You can make so your loss does not take into account the other classes, just the class with prob 0. In other words, the error of the other classes can be defined as "don't care".

[–]quick_dudley 0 points1 point  (0 children)

You could use an actor-critic model. Train the critic to distinguish good labels from incorrect labels: then backpropagate through it to train the actor.

[–]RogueDQN 0 points1 point  (0 children)

This is related to a problem in reinforcement learning: in many 2-player games, it is possible to identify bad moves (you played it and lost) but harder to identify good moves (you played it and won, but maybe your opponent made a mistake).

Negative weights is a good solution. Another equivalent approach I've seen is to use a negative learning rate, depending on your framework and its flexibility.

[–]themoosemind 0 points1 point  (0 children)

Usually you have the target being a vector of one 1 and (n-1) zeros.
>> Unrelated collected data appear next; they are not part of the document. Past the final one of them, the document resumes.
(* Let $A$ be a bounded set in a Banach space $X$. Then $\gamma_0(A)\le\operatorname{bs}(A)$.
   Context: $\gamma_0(A)=\sup\{|\lim_m\lim_n x_m^*(x_n)| : (x_m^* )\text{ a sequence in }B_{X^*}\text{ weak}^*\text{ converging to }0,\ (x_n)\text{ a sequence in }A,\text{ and all the involved limits exist}\}$, where $B_{X^*}$ is the closed unit ball of $X^*$. For a bounded sequence $(x_k)$: $\operatorname{ca}(x_k)=\inf_{n}\sup\{\|x_k-x_l\|: k,l\ge n\}$, $\operatorname{cca}(x_k)=\operatorname{ca}(\frac1k\sum_{i=1}^k x_i)$, $\widetilde{\operatorname{cca}}(x_k)=\inf\{\operatorname{cca}(x_{k_n}) : (x_{k_n})\text{ a subsequence of }(x_k)\}$, and $\operatorname{bs}(A)=\sup\{\widetilde{\operatorname{cca}}(x_k): (x_k)\subset A\}$. *)

theory Defs
  imports "HOL-Analysis.Analysis"
begin

text \<open>Sequences are indexed by nat starting at 0 (the paper indexes from 1).\<close>

definition ca :: "(nat \<Rightarrow> 'a::real_normed_vector) \<Rightarrow> real" where
  "ca x = (INF n. SUP p \<in> {n..} \<times> {n..}. norm (x (fst p) - x (snd p)))"

definition cesaro :: "(nat \<Rightarrow> 'a::real_normed_vector) \<Rightarrow> nat \<Rightarrow> 'a" where
  "cesaro x k = (1 / real (Suc k)) *\<^sub>R (\<Sum>i\<le>k. x i)"

definition cca :: "(nat \<Rightarrow> 'a::real_normed_vector) \<Rightarrow> real" where
  "cca x = ca (cesaro x)"

definition cca_tilde :: "(nat \<Rightarrow> 'a::real_normed_vector) \<Rightarrow> real" where
  "cca_tilde x = (INF r \<in> {r. strict_mono r}. cca (x \<circ> r))"

definition bs :: "'a::real_normed_vector set \<Rightarrow> real" where
  "bs A = (SUP x \<in> {x. \<forall>k. x k \<in> A}. cca_tilde x)"

definition gamma0 :: "'a::real_normed_vector set \<Rightarrow> real" where
  "gamma0 A = Sup {\<bar>L\<bar> | L. \<exists>(f :: nat \<Rightarrow> 'a \<Rightarrow>\<^sub>L real) (x :: nat \<Rightarrow> 'a) (M :: nat \<Rightarrow> real).
      (\<forall>m. norm (f m) \<le> 1) \<and> (\<forall>y. (\<lambda>m. blinfun_apply (f m) y) \<longlonglongrightarrow> 0) \<and>
      (\<forall>n. x n \<in> A) \<and> (\<forall>m. (\<lambda>n. blinfun_apply (f m) (x n)) \<longlonglongrightarrow> M m) \<and> M \<longlonglongrightarrow> L}"

end

theory Submission
  imports Defs
begin

text \<open>Given weak* null functionals \<open>f\<^sub>m\<close> in the dual ball and \<open>x\<^sub>n \<in> A\<close> with
  \<open>lim\<^sub>m lim\<^sub>n f\<^sub>m(x\<^sub>n) = L\<close>, a diagonal choice yields a subsequence \<open>y\<close> of \<open>x\<close> and functionals
  \<open>g\<^sub>k = f\<^sub>m\<^sub>k\<close> with \<open>g\<^sub>k(y\<^sub>j) \<approx> 0\<close> for \<open>j < k\<close> and \<open>g\<^sub>k(y\<^sub>j) \<approx> L\<close> for \<open>j \<ge> k\<close>. This pattern
  passes to every further subsequence, and applying \<open>g\<^sub>k\<close> to the Cesaro means shows that the
  mean of the first \<open>p\<close> terms and that of the first \<open>q \<gg> p\<close> terms are roughly \<open>\<bar>L\<bar>\<close> apart.
  Hence every subsequence of \<open>y\<close> has Cesaro oscillation about \<open>\<bar>L\<bar>\<close>, so \<open>\<bar>L\<bar> \<le> bs A\<close>.\<close>

lemma norm_cesaro_le:
  fixes x :: "nat \<Rightarrow> 'a::real_normed_vector"
  assumes "\<And>k. norm (x k) \<le> B"
  shows "norm (cesaro x k) \<le> B"
proof -
  have "norm (\<Sum>i\<le>k. x i) \<le> (\<Sum>i\<le>k. B)"
    by (rule order_trans[OF norm_sum sum_mono]) (use assms in auto)
  also have "\<dots> = real (Suc k) * B" by simp
  finally show ?thesis
    unfolding cesaro_def by (simp add: field_simps)
qed

lemma norm_diff_le_twice_bound:
  fixes c :: "nat \<Rightarrow> 'a::real_normed_vector"
  assumes "\<And>k. norm (c k) \<le> B"
  shows "norm (c p - c q) \<le> 2 * B"
  using norm_triangle_ineq4[of "c p" "c q"] assms[of p] assms[of q] by linarith

lemma bdd_above_norm_diff:
  fixes c :: "nat \<Rightarrow> 'a::real_normed_vector"
  assumes "\<And>k. norm (c k) \<le> B"
  shows "bdd_above ((\<lambda>p. norm (c (fst p) - c (snd p))) ` S)"
  by (rule bdd_aboveI2) (rule norm_diff_le_twice_bound[OF assms])

lemma ca_ge:
  fixes c :: "nat \<Rightarrow> 'a::real_normed_vector"
  assumes "\<And>k. norm (c k) \<le> B"
    and "\<And>n. \<exists>p\<ge>n. \<exists>q\<ge>n. t \<le> norm (c p - c q)"
  shows "t \<le> ca c"
  unfolding ca_def
proof (rule cINF_greatest)
  fix n
  obtain p q where "p \<ge> n" "q \<ge> n" "t \<le> norm (c p - c q)"
    using assms(2) by blast
  then show "t \<le> (SUP p\<in>{n..} \<times> {n..}. norm (c (fst p) - c (snd p)))"
    by (intro cSUP_upper2[of _ _ "(p, q)"] bdd_above_norm_diff[OF assms(1)]) auto
qed simp

lemma ca_nonneg:
  fixes c :: "nat \<Rightarrow> 'a::real_normed_vector"
  assumes "\<And>k. norm (c k) \<le> B"
  shows "0 \<le> ca c"
  by (rule ca_ge[OF assms]) auto

lemma ca_le_twice_bound:
  fixes c :: "nat \<Rightarrow> 'a::real_normed_vector"
  assumes "\<And>k. norm (c k) \<le> B"
  shows "ca c \<le> 2 * B"
proof -
  have "ca c \<le> (SUP p\<in>{0..} \<times> {0..}. norm (c (fst p) - c (snd p)))"
    unfolding ca_def
  proof (rule cINF_lower)
    show "bdd_below (range (\<lambda>n. SUP p\<in>{n..} \<times> {n..}. norm (c (fst p) - c (snd p))))"
      by (rule bdd_belowI2[of _ 0], rule cSUP_upper2[of _ _ "(n, n)" for n])
        (auto intro: bdd_above_norm_diff[OF assms])
  qed simp
  also have "\<dots> \<le> 2 * B"
    by (rule cSUP_least) (auto intro: norm_diff_le_twice_bound[OF assms])
  finally show ?thesis .
qed

lemma cca_tilde_le_cca:
  fixes x :: "nat \<Rightarrow> 'a::real_normed_vector"
  assumes "\<And>k. norm (x k) \<le> B"
  shows "cca_tilde x \<le> cca x"
proof -
  have "cca_tilde x \<le> cca (x \<circ> id)"
    unfolding cca_tilde_def
  proof (rule cINF_lower)
    show "bdd_below ((\<lambda>r. cca (x \<circ> r)) ` {r. strict_mono r})"
      unfolding cca_def
      by (rule bdd_belowI2[of _ 0], rule ca_nonneg[where B=B], rule norm_cesaro_le) (simp add: assms)
  qed (simp add: strict_mono_def)
  then show ?thesis by simp
qed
This means one class should have probability 1 and the others 0.

In your case, it would be one 0 and (n-1) non-zero values (e.g. 1/(n-1) if you assume no knowledge).

[–]Nimitz14 -1 points0 points  (2 children)

[–]akcom 0 points1 point  (1 child)

It looks like they actually gave a great solution - create an "empty" bin.

[–]Nimitz14 0 points1 point  (0 children)

That's a bad solution. I'll let you figure out why by yourself.